§ **Entries shown**

(* Let $X$ be a nondegenerate random variable with CDF $F$ such that $\mathbb{E}(\min\{X,X'\})$ and $\mathbb{E}(\max\{X,X'\})$ are finite, where $X'$ is an independent copy of $X$. Let $T$ be an absolutely continuous random variable with CDF $F_T$ and the same support as $X$, and let $q_1(u)=q_2(u)=u$, $0\le u\le1$. Then $$\hat G_X(\mathbf q,F_T)=\frac12\,\mathbb{E}\left[F_T(\max\{X,X'\})-F_T(\min\{X,X'\})\right].$$
   Context: The weighted $\mathbf q$-distorted Gini function of $X$ (CDF $F$, survival $\overline F=1-F$), for distortion functions $q_1,q_2$ (increasing maps $[0,1]\to[0,1]$ fixing $0$ and $1$), is $\hat G_X(\mathbf q,F_T)=\int_\Delta q_1(F(x))\,q_2(\overline F(x))\,dF_T(x)$, where $\Delta$ is the non-empty intersection of the supports of $X$ and $T$. *)

theory Defs
  imports "HOL-Probability.Probability"
begin

definition msupport :: "real measure \<Rightarrow> real set" where
  "msupport M = {x. \<forall>e>0. 0 < measure M (ball x e)}"

definition qgini :: "(real \<Rightarrow> real) \<Rightarrow> (real \<Rightarrow> real) \<Rightarrow> real measure \<Rightarrow> real measure \<Rightarrow> real" where
  "qgini q1 q2 MX MT =
     (LINT x : (msupport MX \<inter> msupport MT) | MT. q1 (cdf MX x) * q2 (1 - cdf MX x))"

end

theory Submission
  imports Defs
begin

text \<open>Since \<open>T\<close> has no atoms, \<open>F\<^sub>T(max X X') - F\<^sub>T(min X X')\<close> is the \<open>T\<close>-mass of
  \<open>[min X X', max X X')\<close>. Integrating over \<open>(X, X')\<close> and exchanging the integrals (Fubini)
  turns the right-hand side into \<open>\<integral> P(min X X' \<le> t < max X X') dF\<^sub>T(t)\<close>, and by independence
  \<open>P(min X X' \<le> t < max X X') = 2 F(t) (1 - F(t))\<close>. With \<open>q\<^sub>1 = q\<^sub>2 = id\<close> this is twice the
  integrand of the Gini function, and restricting the integral to the common support is harmless
  because \<open>T\<close> is concentrated on its support.\<close>

lemma not_in_msupportE:
  assumes "x \<notin> msupport M"
  obtains e where "e > 0" "measure M (ball x e) = 0"
proof -
  obtain e where "e > 0" and "\<not> 0 < measure M (ball x e)"
    using assms by (auto simp: msupport_def)
  moreover have "0 \<le> measure M (ball x e)"
    by (rule measure_nonneg)
  ultimately show thesis
    using that by simp
qed

lemma AE_in_msupport:
  assumes "finite_measure M" "sets M = sets borel"
  shows "AE x in M. x \<in> msupport M"
proof -
  interpret finite_measure M by fact
  \<comment> \<open>The complement of the support is covered by countably many null intervals with rational endpoints.\<close>
  define I where "I = {(a::rat, b::rat). measure M {real_of_rat a<..<real_of_rat b} = 0}"
  define N where "N = (\<Union>(a, b)\<in>I. {real_of_rat a<..<real_of_rat b})"
  have "N \<in> null_sets M"
    unfolding N_def
  proof (rule null_sets_UN')
    fix i assume "i \<in> I"
    then show "(case i of (a, b) \<Rightarrow> {real_of_rat a<..<real_of_rat b}) \<in> null_sets M"
      using assms(2) by (cases i) (auto simp: I_def emeasure_eq_measure)
  qed auto
  moreover have "x \<in> N" if "x \<notin> msupport M" for x
  proof -
    obtain e where "e > 0" and e0: "measure M (ball x e) = 0"
      using \<open>x \<notin> msupport M\<close> by (rule not_in_msupportE)
    obtain a b where a: "a \<in> \<rat>" "x - e < a" "a < x" and b: "b \<in> \<rat>" "x < b" "b < x + e"
      using Rats_dense_in_real[of "x - e" x] Rats_dense_in_real[of x "x + e"] \<open>e > 0\<close> by auto
    obtain a' b' where ab': "a = real_of_rat a'" "b = real_of_rat b'"
      using a(1) b(1) Rats_cases by metis
    have "{a<..<b} \<subseteq> ball x e"
      using a b by (auto simp: ball_def dist_real_def)
    then have "measure M {a<..<b} \<le> measure M (ball x e)"
      using assms(2) by (intro finite_measure_mono) auto
    then have "measure M {a<..<b} = 0"
      using e0 measure_nonneg[of M "{a<..<b}"] by linarith
    then have "(a', b') \<in> I"
      using ab' by (simp add: I_def)
    then show "x \<in> N"
      unfolding N_def using a b ab' by force
  qed
  ultimately show ?thesis
    by (intro AE_I'[of N]) auto
qed

lemma closed_msupport:
  assumes "finite_measure M" "sets M = sets borel"
  shows "closed (msupport M)"
  unfolding closed_def open_contains_ball
proof safe
  interpret finite_measure M by fact
  fix x assume "x \<notin> msupport M"
  then obtain e where "e > 0" and e0: "measure M (ball x e) = 0"
    by (rule not_in_msupportE)
  have "y \<notin> msupport M" if "y \<in> ball x (e/2)" for y
  proof -
    have "ball y (e/2) \<subseteq> ball x e"
      using that by (auto simp: ball_def dist_real_def abs_if split: if_splits)
    then have "measure M (ball y (e/2)) \<le> measure M (ball x e)"
      using assms(2) by (intro finite_measure_mono) auto
    then have "\<not> 0 < measure M (ball y (e/2))"
      using e0 by linarith
    then show ?thesis
      using \<open>e > 0\<close> unfolding msupport_def by (auto intro!: exI[of _ "e/2"])
  qed
  then show "\<exists>d>0. ball x d \<subseteq> - msupport M"
    using \<open>e > 0\<close> by (intro exI[of _ "e/2"]) auto
qed

lemma measure_pair_measure_Times:
  assumes "sigma_finite_measure N" "A \<in> sets M" "B \<in> sets N"
  shows "measure (M \<Otimes>\<^sub>M N) (A \<times> B) = measure M A * measure N B"
  using assms by (simp add: measure_def sigma_finite_measure.emeasure_pair_measure_Times enn2real_mult)

lemma absolutely_continuous_lborel_measure_singleton:
  assumes "absolutely_continuous lborel M"
  shows "measure M {x} = 0"
proof -
  have "{x} \<in> null_sets lborel"
    by (intro countable_imp_null_set_lborel) simp
  then show ?thesis
    using assms by (auto simp: absolutely_continuous_def measure_def null_setsD1)
qed

lemma (in finite_borel_measure) measure_atLeastLessThan_eq_cdf_diff:
  assumes "\<And>x. measure M {x} = 0" "a \<le> b"
  shows "measure M {a..<b} = cdf M b - cdf M a"
proof -
  have "measure M {..b} = measure M (({..<a} \<union> {a..<b}) \<union> {b})"
    using assms(2) by (intro arg_cong[where f="measure M"]) auto
  also have "\<dots> = measure M ({..<a} \<union> {a..<b}) + measure M {b}"
    using assms(2) by (intro finite_measure_Union) (auto simp: M_is_borel)
  also have "measure M ({..<a} \<union> {a..<b}) = measure M {..<a} + measure M {a..<b}"
    by (rule finite_measure_Union) (auto simp: M_is_borel)
  finally have "measure M {..b} = measure M {..<a} + measure M {a..<b} + measure M {b}" .
  moreover have "measure M {..a} = measure M ({..<a} \<union> {a})"
    by (intro arg_cong[where f="measure M"]) auto
  moreover have "measure M ({..<a} \<union> {a}) = measure M {..<a} + measure M {a}"
    by (rule finite_measure_Union) (auto simp: M_is_borel)
  ultimately show ?thesis
    using assms(1) by (simp add: cdf_def)
qed

lemma measure_pair_min_le_less_max:
  assumes "real_distribution M"
  shows "measure (M \<Otimes>\<^sub>M M) {(x, x'). min x x' \<le> t \<and> t < max x x'} = 2 * (cdf M t * (1 - cdf M t))"
proof -
  interpret M: real_distribution M by fact
  interpret MM: pair_prob_space M M ..
  have "measure (M \<Otimes>\<^sub>M M) {(x, x'). min x x' \<le> t \<and> t < max x x'}
      = measure (M \<Otimes>\<^sub>M M) ({..t} \<times> {t<..} \<union> {t<..} \<times> {..t})"
    by (intro arg_cong[where f="measure (M \<Otimes>\<^sub>M M)"]) (auto simp: min_def max_def)
  also have "\<dots> = measure (M \<Otimes>\<^sub>M M) ({..t} \<times> {t<..}) + measure (M \<Otimes>\<^sub>M M) ({t<..} \<times> {..t})"
    by (rule MM.finite_measure_Union) auto
  also have "\<dots> = 2 * (measure M {..t} * measure M {t<..})"
    by (simp add: measure_pair_measure_Times M.sigma_finite_measure_axioms)
  also have "measure M {t<..} = 1 - cdf M t"
    using M.prob_compl[of "{..t}"] by (simp add: cdf_def Compl_eq_Diff_UNIV[symmetric] Compl_atMost)
  finally show ?thesis
    by (simp add: cdf_def)
qed

lemma integral_cdf_max_minus_cdf_min:
  assumes M: "real_distribution M" and "real_distribution N" and N_no_atoms: "\<And>t. measure N {t} = 0"
  shows "(\<integral>(x, x'). cdf N (max x x') - cdf N (min x x') \<partial>(M \<Otimes>\<^sub>M M))
    = 2 * (\<integral>t. cdf M t * (1 - cdf M t) \<partial>N)"
proof -
  interpret M: real_distribution M by fact
  interpret N: real_distribution N by fact
  interpret MM: pair_prob_space M M ..
  interpret MMN: pair_prob_space "M \<Otimes>\<^sub>M M" N ..
  define S :: "((real \<times> real) \<times> real) set" where "S = {((x, x'), t). min x x' \<le> t \<and> t < max x x'}"
  define g :: "real \<times> real \<Rightarrow> real \<Rightarrow> real" where "g p t = indicator S (p, t)" for p t
  have "{z \<in> space ((borel \<Otimes>\<^sub>M borel) \<Otimes>\<^sub>M borel).
      min (fst (fst z)) (snd (fst z)) \<le> snd z \<and> snd z < max (fst (fst z)) (snd (fst z))}
      \<in> sets ((borel \<Otimes>\<^sub>M borel) \<Otimes>\<^sub>M (borel :: real measure))"
    by measurable
  moreover have "sets ((M \<Otimes>\<^sub>M M) \<Otimes>\<^sub>M N) = sets ((borel \<Otimes>\<^sub>M borel) \<Otimes>\<^sub>M borel)"
    by (intro sets_pair_measure_cong) auto
  ultimately have "S \<in> sets ((M \<Otimes>\<^sub>M M) \<Otimes>\<^sub>M N)"
    by (simp add: S_def space_pair_measure split_beta')
  then have "integrable ((M \<Otimes>\<^sub>M M) \<Otimes>\<^sub>M N) (case_prod g)"
    unfolding g_def case_prod_eta by (simp add: MMN.emeasure_eq_measure)
  then have "(\<integral>p. (\<integral>t. g p t \<partial>N) \<partial>(M \<Otimes>\<^sub>M M)) = (\<integral>t. (\<integral>p. g p t \<partial>(M \<Otimes>\<^sub>M M)) \<partial>N)"
    by (rule MMN.Fubini_integral[symmetric])
  moreover have "(\<integral>t. g p t \<partial>N) = cdf N (max (fst p) (snd p)) - cdf N (min (fst p) (snd p))" for p
  proof -
    have "g p = indicator {min (fst p) (snd p)..<max (fst p) (snd p)}"
      by (auto simp: g_def S_def split_beta' split: split_indicator)
    then show ?thesis
      using N.measure_atLeastLessThan_eq_cdf_diff[OF N_no_atoms, of "min (fst p) (snd p)" "max (fst p) (snd p)"]
      by simp
  qed
  moreover have "(\<integral>p. g p t \<partial>(M \<Otimes>\<^sub>M M)) = 2 * (cdf M t * (1 - cdf M t))" for t
  proof -
    have "(\<lambda>p. g p t) = indicator {(x, x'). min x x' \<le> t \<and> t < max x x'}"
      by (auto simp: g_def S_def split: split_indicator)
    then show ?thesis
      using measure_pair_min_le_less_max[OF M, of t] by (simp add: space_pair_measure)
  qed
  ultimately show ?thesis
    by (simp add: split_beta')
qed

lemma qgini_identity_distortions:
  assumes "real_distribution MX" "real_distribution MT"
    and "msupport MT \<subseteq> msupport MX"
    and "\<forall>u\<in>{0..1}. q1 u = u" "\<forall>u\<in>{0..1}. q2 u = u"
  shows "qgini q1 q2 MX MT = (\<integral>t. cdf MX t * (1 - cdf MX t) \<partial>MT)"
proof -
  interpret X: real_distribution MX by fact
  interpret T: real_distribution MT by fact
  let ?S = "msupport MX \<inter> msupport MT"
  let ?g = "\<lambda>t. cdf MX t * (1 - cdf MX t)"
  have [measurable]: "cdf MX \<in> borel_measurable borel"
    by (intro borel_measurable_mono) (auto simp: mono_def X.cdf_nondecreasing)
  have [measurable]: "?S \<in> sets borel"
    using closed_msupport[of MX] closed_msupport[of MT] by (auto simp: X.M_is_borel T.M_is_borel)
  have "qgini q1 q2 MX MT = (LINT t:?S|MT. ?g t)"
    unfolding qgini_def using assms(4,5) X.cdf_nonneg X.cdf_bounded_prob
    by (intro set_lebesgue_integral_cong) auto
  also have "\<dots> = (LINT t:space MT|MT. ?g t)"
    using AE_in_msupport[of MT] assms(3)
    by (intro set_integral_cong_set) (auto simp: set_borel_measurable_def T.M_is_borel elim!: eventually_mono)
  also have "\<dots> = (\<integral>t. ?g t \<partial>MT)"
    using X.cdf_nonneg X.cdf_bounded_prob
    by (intro set_integral_space T.integrable_const_bound[where B=1]) (auto simp: abs_le_iff mult_le_one)
  finally show ?thesis .
qed

theorem proposition12:
  fixes MX MT :: "real measure" and q1 q2 :: "real \<Rightarrow> real"
  assumes X_distr: "real_distribution MX"
    and X_nondeg: "\<forall>c. measure MX {c} < 1"
    and min_fin: "integrable (MX \<Otimes>\<^sub>M MX) (\<lambda>(x, x'). min x x')"
    and max_fin: "integrable (MX \<Otimes>\<^sub>M MX) (\<lambda>(x, x'). max x x')"
    and T_distr: "real_distribution MT"
    and T_ac: "absolutely_continuous lborel MT"
    and same_supp: "msupport MT = msupport MX"
    and q1_id: "\<forall>u\<in>{0..1}. q1 u = u"
    and q2_id: "\<forall>u\<in>{0..1}. q2 u = u"
  shows "qgini q1 q2 MX MT =
           1/2 * (\<integral>(x, x'). cdf MT (max x x') - cdf MT (min x x') \<partial>(MX \<Otimes>\<^sub>M MX))"
proof -
  have "qgini q1 q2 MX MT = (\<integral>t. cdf MX t * (1 - cdf MX t) \<partial>MT)"
    using X_distr T_distr same_supp q1_id q2_id by (intro qgini_identity_distortions) auto
  moreover have "(\<integral>(x, x'). cdf MT (max x x') - cdf MT (min x x') \<partial>(MX \<Otimes>\<^sub>M MX))
      = 2 * (\<integral>t. cdf MX t * (1 - cdf MX t) \<partial>MT)"
    using X_distr T_distr absolutely_continuous_lborel_measure_singleton[OF T_ac]
    by (rule integral_cdf_max_minus_cdf_min)
  ultimately show ?thesis
    by simp
qed

end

§ **Task requirements**
Give again only the lines of the material above that run from the one with "(\<lambda>(x, x'). min" through the end, both included, exactly as they appear.

§ **Written solution**
    and min_fin: "integrable (MX \<Otimes>\<^sub>M MX) (\<lambda>(x, x'). min x x')"
    and max_fin: "integrable (MX \<Otimes>\<^sub>M MX) (\<lambda>(x, x'). max x x')"
    and T_distr: "real_distribution MT"
    and T_ac: "absolutely_continuous lborel MT"
    and same_supp: "msupport MT = msupport MX"
    and q1_id: "\<forall>u\<in>{0..1}. q1 u = u"
    and q2_id: "\<forall>u\<in>{0..1}. q2 u = u"
  shows "qgini q1 q2 MX MT =
           1/2 * (\<integral>(x, x'). cdf MT (max x x') - cdf MT (min x x') \<partial>(MX \<Otimes>\<^sub>M MX))"
proof -
  have "qgini q1 q2 MX MT = (\<integral>t. cdf MX t * (1 - cdf MX t) \<partial>MT)"
    using X_distr T_distr same_supp q1_id q2_id by (intro qgini_identity_distortions) auto
  moreover have "(\<integral>(x, x'). cdf MT (max x x') - cdf MT (min x x') \<partial>(MX \<Otimes>\<^sub>M MX))
      = 2 * (\<integral>t. cdf MX t * (1 - cdf MX t) \<partial>MT)"
    using X_distr T_distr absolutely_continuous_lborel_measure_singleton[OF T_ac]
    by (rule integral_cdf_max_minus_cdf_min)
  ultimately show ?thesis
    by simp
qed

end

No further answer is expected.